And the British had taken a hold of it and shot it back to us with their flavor on it. And it became a hybrid. I remember a buddy of mine taking me to Wallach’s Music City to listen to records in the demo booth, and he played some stuff with Eric with Fresh Cream and then with John Mayall.

 

I’d never heard a guitar do that. Then to go there and to have Eric Clapton say, don’t look at me, look behind me. This is where I went to get where I am.

 

And that’s what was brilliant, was just to find out that it was here all the time, but we really didn’t see it. We let it go. And the British embraced it and brought it back.

 

And look what happened. I mean, look at how wonderful. The Beatles and Eric Burton and the Animals.

 

I just ate up as much of that as I could get. I smoked my first cigarette at ten, and for girls I had a bad yin, and I had quite a haul when I was young. When I was young, it was more important, ain’t more painful to laugh so much louder, yeah.

 

When I was young, I met my first love at thirteen. She was brown and I was pretty green, and I learned quite a lot when I was young, when I was young. When you decided to embrace the blues, how did that change what you were playing and your whole attitude? I followed pretty much what anybody else would do, any young guy would do, as I had my heroes.

 

Eric Clapton was one of them, Mick Taylor, you know, Peter Green. And I was just eating up as much as I could, plus studying the originators of the music, which was a brilliant thing with Albert Collins. I had met and played with so many of the immortal greats.

 

How did you meet Albert Collins? You know, it’s chance meetings in my life. The two big chance meetings in my life have changed my life a thousandfold, and every time it happened. And one of the times it happened was meeting Albert Collins at a Buddy Miles gig at the Whiskey Go-Go.

 

A friend of mine used to play sax for him, and he was telling me all about Albert, and I had never heard him play. I didn’t know who he was. We ended up sitting there next to him and just a great guy.

 

Ended up going to his house afterwards, partying, having fun and stuff. And then it wasn’t until several months later where he had to do a matinee at a club that I play at. Once again, blew my head off.

 

And that was chance meeting. And then he took my number down. I didn’t think of anything of it until one day I was out in the backyard with my friends.

 

And my mother says, there’s an Albert Collins calling here for you. Something about wants to talk to you. And I said, oh, well, who am I? I know.

 

And he was desperate for a drummer. And I wasn’t a blues drummer. I was playing the top 40 of the day and I could do the Ginger Baker thing, you know, stuff like that, you know, but I was not a root black blues drummer.

 

But Albert was desperate. So I said, well, I’ll figure we’ll rehearse a couple of weeks and go on our way.
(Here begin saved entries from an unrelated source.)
lemma star_run_eq:
  assumes "set w \<subseteq> Sig"
  shows "foldl (star_step M) {start M} w =
     {delta_star M (start M) v | u v. w = u @ v \<and> u \<in> kstar (lang Sig M)}"
  using assms
proof (induction w rule: rev_induct)
  case Nil then show ?case by (auto simp: delta_star_def)
next
  case (snoc a w)
  define K where "K = kstar (lang Sig M)"
  define T where "T = {delta_star M (start M) (v @ [a]) | u v. w = u @ v \<and> u \<in> K}"
  have IH: "foldl (star_step M) {start M} w = {delta_star M (start M) v | u v. w = u @ v \<and> u \<in> K}"
    using snoc unfolding K_def by auto
  have moved: "(\<lambda>q. delta M q a) ` {delta_star M (start M) v | u v. w = u @ v \<and> u \<in> K} = T"
    unfolding T_def by (auto simp: delta_star_def)
  have hit: "T \<inter> finals M \<noteq> {} \<longleftrightarrow> w @ [a] \<in> K"
  proof
    assume "T \<inter> finals M \<noteq> {}"
    then obtain u v where uv: "w = u @ v" "u \<in> K" "delta_star M (start M) (v @ [a]) \<in> finals M"
      unfolding T_def by blast
    have "v @ [a] \<in> lang Sig M" using snoc.prems uv unfolding lang_def by auto
    then show "w @ [a] \<in> K" unfolding K_def kstar_snoc_iff using uv(1,2) unfolding K_def by blast
  next
    assume "w @ [a] \<in> K"
    then obtain u v where uv: "w = u @ v" "u \<in> K" "v @ [a] \<in> lang Sig M"
      unfolding K_def kstar_snoc_iff by blast
    then have "delta_star M (start M) (v @ [a]) \<in> T \<inter> finals M"
      unfolding T_def lang_def by blast
    then show "T \<inter> finals M \<noteq> {}" by blast
  qed
  have split: "{delta_star M (start M) v | u v. w @ [a] = u @ v \<and> u \<in> K}
     = T \<union> (if w @ [a] \<in> K then {start M} else {})" (is "?L = ?R")
  proof
    show "?L \<subseteq> ?R"
    proof
      fix x assume "x \<in> ?L"
      then obtain u v where uv: "x = delta_star M (start M) v" "w @ [a] = u @ v" "u \<in> K" by blast
      show "x \<in> ?R"
      proof (cases v rule: rev_cases)
        case Nil then show ?thesis using uv by (auto simp: delta_star_def)
      next
        case (snoc v' b)
        then have "w = u @ v'" "b = a" using uv by auto
        then show ?thesis unfolding T_def using uv snoc by blast
      qed
    qed
  next
    show "?R \<subseteq> ?L"
    proof
      fix x assume "x \<in> ?R"
      then consider "x \<in> T" | "w @ [a] \<in> K" "x = start M" by (auto split: if_splits)
      then show "x \<in> ?L"
      proof cases
        case 1
        then obtain u v where "w = u @ v" "u \<in> K" "x = delta_star M (start M) (v @ [a])"
          unfolding T_def by blast
        then show ?thesis by (intro CollectI exI[of _ u] exI[of _ "v @ [a]"]) auto
      next
        case 2
        then show ?thesis
          by (intro CollectI exI[of _ "w @ [a]"] exI[of _ "[]"]) (auto simp: delta_star_def)
      qed
    qed
  qed
  have "foldl (star_step M) {start M} (w @ [a]) = star_step M (foldl (star_step M) {start M} w) a"
    by simp
  also have "\<dots> = (if T \<inter> finals M \<noteq> {} then insert (start M) T else T)"
    unfolding IH star_step_def Let_def moved ..
  also have "\<dots> = ?L" unfolding split hit by auto
  finally show ?case unfolding K_def .
qed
Well, he says, no, he says, I’ll be by to pick you up in three hours.

 

I packed up a quick suitcase, wrapped my drums up in blankets and stuff, and we put it in a trailer and off we went and played the first gig, Cold Turkey. How did that go for you? It was frightening. It was it was horribly frightening.

 

You’re sorry you said yes. And the guys were like running the show down to me while we’re driving. I had a shot of Jack Daniels and we went for it.

 

And there was nothing like it. It’s hard to explain. It was just amazing.

 

I can’t imagine that you didn’t know the songs. You hadn’t rehearsed with the band. Talk about being thrown into the deep end and just having to go with it.

 

Exactly. I mean, all Albert did was, hey, son, don’t worry. Everything’s going to be great.

 

I’m glad you’re here with me. You’re going to be fine. You just watch everything I do.

 

Watch everything. Don’t worry about anything. Just look at me.

 

You’ll find your way through. And he was correct because he was giving me cues what to do. So how well did I do? I don’t know.

 

But he decided to keep me because of my dedication to what he was doing. The emotion from Albert Collins is just something so hard to describe. A very wonderful guy, as long as you were sweet to him, as long as everything was cool.

 

He was the nicest, sweetest man on this earth. Was he like any of the other blues guys that had to watch their back? Yeah, he was. He went through a lot of hell.

 

That was the other part of my education, of learning what it’s like to sit by firsthand, seeing what he went through, what would make him angry. And then you didn’t want to be around him when he was angry. I told him I’d go home.

 

You get yourself a real drummer. The guy can play your stuff. I’ll go home.

 

I just want to help you. And then when he told me, he said, you want to learn? I love this music. I want to learn.

 

He said, stick with me, son. Stick with me and I’ll learn them to you. Coco remained with the Albert Collins band for five years.

 

It was during that period that he began doubling on guitar as Albert went out of his way to teach him everything he knew.

 

This is A Breath of Fresh Air with Sandy Kaye. It’s a beautiful day. Albert Collins spent countless hours with Coco Montoya in hotel rooms between gigs, teaching the younger man to feel his way through the music.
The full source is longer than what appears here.